W instytucjach totalnych pojawiają się specyficzne procesy społeczne i techniki adaptacyjne: bunt (konspiracja i ucieczki), wycofanie się (choroba drutów), zadomowienie i zimna kalkulacja. Niektórzy z bohaterów naszej książki byli organizatorami i uczestnikami brawurowych ucieczek, wielu działało w obozowej konspiracji (kursach wojskowych, nasłuchu radiowym, tajnych kontaktach z innymi obozami i zbrojnym podziemiem w kraju). Wytworzony został żargon – język podwładnych, częściowo znany także nadzorcom, zwłaszcza cenzorom (np. Ania to Anglia, Frania – Francja, ciocia Gercia – Niemcy, jaskółki – samoloty, licznik – oficer kontrolujący obecność na apelu, kujoni – uczący się oficerowie, aktorki – mężczyźni grający role kobiet w obozowym teatrze, trawiata – ohydna zupa jarzynowa, foka – fundator obozowej kawy). Strategie przystosowania do życia w niewoli były wielorakie: korespondencja z bliskimi, aktywność edukacyjna, kulturalna, sportowa, religijna, wspólne gospodarowanie zapasami żywnościowymi w gronie koleżeńskim (tzw. sitwy), funkcjonalne wykorzystanie przestrzeni na kaplicę, świetlice, sale teatralne, ogródki. Konwencja genewska z 27 lipca 1929 r. (art. 7) zapewniała jeńcom wojennym prawo do prowadzenia działalności kulturalnej, oświatowej, sportowej, religijnej, organizowanych oddolnie przez samych jeńców, a także przez polskie władze obozowe.

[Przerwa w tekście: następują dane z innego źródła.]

(* Let $\widehat z_2(s,t)$ be a complex-valued function of class $\mathcal{C}^7$ on $[0,\epsilon]\times I$, where $I$ is a neighborhood of $[0,2\pi]$, such that $\widehat z_2(s,t)=e^{it}-\tfrac43 a s^4e^{3it}+O(s^5)$ with $a\in\mathbb{R}$, $\operatorname{Im}\widehat z_2(s,0)=0$ for all $s\in[0,\epsilon]$, and for each $s\in(0,\epsilon]$ the map $t\mapsto\widehat z_2(s,t)$ is periodic with period $T_s$ and parametrizes a simple closed curve on $[0,T_s]$ (with $T_0=2\pi$). Then, after possibly shrinking $\epsilon$, the function $[0,\epsilon]\ni s\mapsto T_s\in\mathbb{R}$ is of class $\mathcal{C}^7$ and $T_s=2\pi+O(s^5)$.
   Context: In the paper, $\widehat z_2(s,t)=z_2(s,t)/s$, where $z_2(s,t)$ is the $z_2$-component of the family of chains (solutions of the Fefferman Hamiltonian system) of the hypersurface $M$ with the specified initial conditions; the expansion hypothesis corresponds to $z_2(s,t)=se^{it}-\tfrac43 a s^5e^{3it}+O(s^6)$. *)

theory Defs
  imports "HOL-Analysis.Analysis"
begin

text \<open>Functions of class C^k on a set S (derivatives taken within S, so one-sided
  derivatives at boundary points of closed sets are used).\<close>

primrec Ck_on :: "nat \<Rightarrow> 'a::euclidean_space set \<Rightarrow> ('a \<Rightarrow> 'b::real_normed_vector) \<Rightarrow> bool" where
  "Ck_on 0 S f \<longleftrightarrow> continuous_on S f"
| "Ck_on (Suc k) S f \<longleftrightarrow>
     (\<exists>D :: 'a \<Rightarrow> 'a \<Rightarrow> 'b.
        (\<forall>x\<in>S. (f has_derivative (\<lambda>h. \<Sum>i\<in>Basis. (h \<bullet> i) *\<^sub>R D i x)) (at x within S))
        \<and> (\<forall>i\<in>Basis. Ck_on k S (D i)))"

end

theory Submission
  imports Defs "HOL-Complex_Analysis.Winding_Numbers"
begin

text \<open>For small \<open>s\<close> the curve \<open>t \<mapsto> zh (s, t)\<close> is uniformly \<open>O(s)\<close>-close to the unit
  circle. Since \<open>zh (s, T s) = zh (s, 0)\<close>, the period \<open>T s\<close> is then close to a multiple
  \<open>2 \<pi> n\<close>; \<open>n = 0\<close> is impossible because shifting \<open>\<pi>\<close> back by periods would bring
  \<open>zh (s, \<pi>) \<approx> -1\<close> next to \<open>zh (s, 0) \<approx> 1\<close>, and \<open>n \<le> 1\<close> because the curve is homotopic
  in \<open>\<complex> - {0}\<close> to the circle run \<open>n\<close> times while a simple closed curve winds at most once.
  So \<open>(s, T s)\<close> stays in a box around \<open>(0, 2 \<pi>)\<close> where \<open>\<partial>\<^sub>t Im zh \<ge> 1/2\<close> (it is
  \<open>cos t\<close> at \<open>s = 0\<close>), and \<open>Im zh (s, T s) = Im zh (s, 0) = 0\<close>. Thus \<open>T\<close> is the implicit
  function of \<open>Im zh = 0\<close> in that box: the mean value theorem gives
  \<open>T' = - \<partial>\<^sub>s Im zh / \<partial>\<^sub>t Im zh\<close> along the graph, which bootstraps to \<open>C\<^sup>7\<close>, and
  \<open>\<bar>T s - 2 \<pi>\<bar> \<le> 2 \<bar>Im zh (s, 2 \<pi>)\<bar> = O(s\<^sup>5)\<close> since the \<open>s\<^sup>4\<close> term of the
  expansion is real at \<open>t = 2 \<pi>\<close>.\<close>

section \<open>Functions of class \<open>C\<^sup>k\<close>\<close>

declare Ck_on.simps(2)[simp del]

lemma Ck_on_SucI:
  assumes "\<forall>x\<in>S. (f has_derivative (\<lambda>h. \<Sum>i\<in>Basis. (h \<bullet> i) *\<^sub>R D i x)) (at x within S)"
    and "\<forall>i\<in>Basis. Ck_on k S (D i)"
  shows "Ck_on (Suc k) S f"
  unfolding Ck_on.simps(2) using assms by blast

lemma Ck_on_SucE:
  assumes "Ck_on (Suc k) S f"
  obtains D where "\<forall>x\<in>S. (f has_derivative (\<lambda>h. \<Sum>i\<in>Basis. (h \<bullet> i) *\<^sub>R D i x)) (at x within S)"
    and "\<forall>i\<in>Basis. Ck_on k S (D i)"
  using assms unfolding Ck_on.simps(2) by blast

lemma Ck_on_Suc_imp_Ck_on: "Ck_on (Suc k) S f \<Longrightarrow> Ck_on k S f"
proof (induction k arbitrary: f)
  case 0
  then obtain D where "\<forall>x\<in>S. (f has_derivative (\<lambda>h. \<Sum>i\<in>Basis. (h \<bullet> i) *\<^sub>R D i x)) (at x within S)"
    by (rule Ck_on_SucE)
  then show ?case
    by (auto simp: continuous_on_eq_continuous_within intro: has_derivative_continuous)
next
  case (Suc k)
  obtain D where "\<forall>x\<in>S. (f has_derivative (\<lambda>h. \<Sum>i\<in>Basis. (h \<bullet> i) *\<^sub>R D i x)) (at x within S)"
    and "\<forall>i\<in>Basis. Ck_on (Suc k) S (D i)"
    using Suc.prems by (rule Ck_on_SucE)
  then show ?case using Suc.IH by (intro Ck_on_SucI[of S f D]) auto
qed

lemma Ck_on_le: "k \<le> m \<Longrightarrow> Ck_on m S f \<Longrightarrow> Ck_on k S f"
  by (induction m rule: dec_induct) (use Ck_on_Suc_imp_Ck_on in blast)+

lemma Ck_on_imp_continuous_on: "Ck_on k S f \<Longrightarrow> continuous_on S f"
  using Ck_on_le[of 0 k] by auto

lemma Ck_on_subset: "Ck_on k S f \<Longrightarrow> T \<subseteq> S \<Longrightarrow> Ck_on k T f"
proof (induction k arbitrary: f)
  case 0
  then show ?case by (auto intro: continuous_on_subset)
next
  case (Suc k)
  obtain D where "\<forall>x\<in>S. (f has_derivative (\<lambda>h. \<Sum>i\<in>Basis. (h \<bullet> i) *\<^sub>R D i x)) (at x within S)"
    and "\<forall>i\<in>Basis. Ck_on k S (D i)"
    using Suc.prems(1) by (rule Ck_on_SucE)
  then show ?case using Suc
    by (intro Ck_on_SucI[of T f D]) (auto intro: has_derivative_subset)
qed

lemma Ck_on_const: "Ck_on k S (\<lambda>x. c)"
proof (induction k arbitrary: c)
  case (Suc k)
  show ?case by (rule Ck_on_SucI[where D="\<lambda>i x. 0"]) (auto intro: Suc)
qed simp

lemma Ck_on_ident: "Ck_on k S (\<lambda>x. x)"
proof (cases k)
  case (Suc m)
  show ?thesis unfolding Suc
    by (rule Ck_on_SucI[where D="\<lambda>i x. i"])
       (auto intro!: Ck_on_const has_derivative_eq_rhs[OF has_derivative_ident]
         simp: euclidean_representation)
qed (simp add: continuous_on_id)

lemma Ck_on_add: "Ck_on k S f \<Longrightarrow> Ck_on k S g \<Longrightarrow> Ck_on k S (\<lambda>x. f x + g x)"
proof (induction k arbitrary: f g)
  case 0
  then show ?case by (auto intro: continuous_on_add)
next
  case (Suc k)
  obtain D where D: "\<forall>x\<in>S. (f has_derivative (\<lambda>h. \<Sum>i\<in>Basis. (h \<bullet> i) *\<^sub>R D i x)) (at x within S)"
     "\<forall>i\<in>Basis. Ck_on k S (D i)" using Suc.prems(1) by (rule Ck_on_SucE)
  obtain E where E: "\<forall>x\<in>S. (g has_derivative (\<lambda>h. \<Sum>i\<in>Basis. (h \<bullet> i) *\<^sub>R E i x)) (at x within S)"
     "\<forall>i\<in>Basis. Ck_on k S (E i)" using Suc.prems(2) by (rule Ck_on_SucE)
  show ?case
  proof (rule Ck_on_SucI[where D="\<lambda>i x. D i x + E i x"])
    show "\<forall>x\<in>S. ((\<lambda>x. f x + g x) has_derivative
        (\<lambda>h. \<Sum>i\<in>Basis. (h \<bullet> i) *\<^sub>R (D i x + E i x))) (at x within S)"
      using D(1) E(1) by (auto intro!: has_derivative_eq_rhs[OF has_derivative_add]
          simp: scaleR_right_distrib sum.distrib)
    show "\<forall>i\<in>Basis. Ck_on k S (\<lambda>x. D i x + E i x)" using D(2) E(2) Suc.IH by auto
  qed
qed

lemma Ck_on_sum:
  "finite A \<Longrightarrow> (\<And>j. j \<in> A \<Longrightarrow> Ck_on k S (f j)) \<Longrightarrow> Ck_on k S (\<lambda>x. \<Sum>j\<in>A. f j x)"
  by (induction A rule: finite_induct) (auto intro: Ck_on_add Ck_on_const)

lemma Ck_on_bounded_linear:
  "bounded_linear L \<Longrightarrow> Ck_on k S f \<Longrightarrow> Ck_on k S (\<lambda>x. L (f x))"
proof (induction k arbitrary: f)
  case 0
  then show ?case by (auto intro: continuous_on_compose2[of UNIV L] linear_continuous_on)
next
  case (Suc k)
  obtain D where D: "\<forall>x\<in>S. (f has_derivative (\<lambda>h. \<Sum>i\<in>Basis. (h \<bullet> i) *\<^sub>R D i x)) (at x within S)"
     "\<forall>i\<in>Basis. Ck_on k S (D i)" using Suc.prems(2) by (rule Ck_on_SucE)
  have lin: "linear L" using Suc.prems(1) bounded_linear.linear by blast
  show ?case
  proof (rule Ck_on_SucI[where D="\<lambda>i x. L (D i x)"])
    show "\<forall>x\<in>S. ((\<lambda>x. L (f x)) has_derivative
        (\<lambda>h. \<Sum>i\<in>Basis. (h \<bullet> i) *\<^sub>R L (D i x))) (at x within S)"
      using D(1) by (auto intro!: has_derivative_eq_rhs[OF bounded_linear.has_derivative[OF Suc.prems(1)]]
          simp: linear_sum[OF lin] linear_scale[OF lin])
    show "\<forall>i\<in>Basis. Ck_on k S (\<lambda>x. L (D i x))" using D(2) Suc by auto
  qed
qed

lemma Ck_on_scaleR:
  fixes f :: "'a::euclidean_space \<Rightarrow> real" and g :: "'a \<Rightarrow> 'b::real_normed_vector"
  shows "Ck_on k S f \<Longrightarrow> Ck_on k S g \<Longrightarrow> Ck_on k S (\<lambda>x. f x *\<^sub>R g x)"
proof (induction k arbitrary: f g)
  case 0
  then show ?case by (auto intro: continuous_on_scaleR)
next
  case (Suc k)
  obtain D where D: "\<forall>x\<in>S. (f has_derivative (\<lambda>h. \<Sum>i\<in>Basis. (h \<bullet> i) *\<^sub>R D i x)) (at x within S)"
     "\<forall>i\<in>Basis. Ck_on k S (D i)" using Suc.prems(1) by (rule Ck_on_SucE)
  obtain E where E: "\<forall>x\<in>S. (g has_derivative (\<lambda>h. \<Sum>i\<in>Basis. (h \<bullet> i) *\<^sub>R E i x)) (at x within S)"
     "\<forall>i\<in>Basis. Ck_on k S (E i)" using Suc.prems(2) by (rule Ck_on_SucE)
  have "Ck_on k S f" "Ck_on k S g" using Suc.prems Ck_on_Suc_imp_Ck_on by blast+
  show ?case
  proof (rule Ck_on_SucI[where D="\<lambda>i x. f x *\<^sub>R E i x + D i x *\<^sub>R g x"])
    show "\<forall>x\<in>S. ((\<lambda>x. f x *\<^sub>R g x) has_derivative
        (\<lambda>h. \<Sum>i\<in>Basis. (h \<bullet> i) *\<^sub>R (f x *\<^sub>R E i x + D i x *\<^sub>R g x))) (at x within S)"
      using D(1) E(1)
      by (auto intro!: has_derivative_eq_rhs[OF has_derivative_scaleR]
          simp: scaleR_sum_right scaleR_sum_left scaleR_add_right sum.distrib ac_simps)
    show "\<forall>i\<in>Basis. Ck_on k S (\<lambda>x. f x *\<^sub>R E i x + D i x *\<^sub>R g x)"
      using D(2) E(2) Suc.IH \<open>Ck_on k S f\<close> \<open>Ck_on k S g\<close> by (auto intro!: Ck_on_add)
  qed
qed

lemma Ck_on_mult:
  fixes f g :: "'a::euclidean_space \<Rightarrow> real"
  shows "Ck_on k S f \<Longrightarrow> Ck_on k S g \<Longrightarrow> Ck_on k S (\<lambda>x. f x * g x)"
  using Ck_on_scaleR[of k S f g] by simp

Oflag II C Woldenberg i Woldenberczycy
Oflag II C Woldenberg był największym obozem jenieckim dla polskich oficerów w czasie II wojny światowej. Funkcjonował od 21 maja 1940 r. do 25 stycznia
1945 r. Powstanie oflagu poprzedziło istnienie Stalagu II C Woldenberg (28 IX
1939 – 21 V 1940) dla 500 podoficerów i szeregowców – przymusowych robotników, którzy mieszkając w prymitywnych warunkach, murowali baraki przyszłego obozu dla oficerów.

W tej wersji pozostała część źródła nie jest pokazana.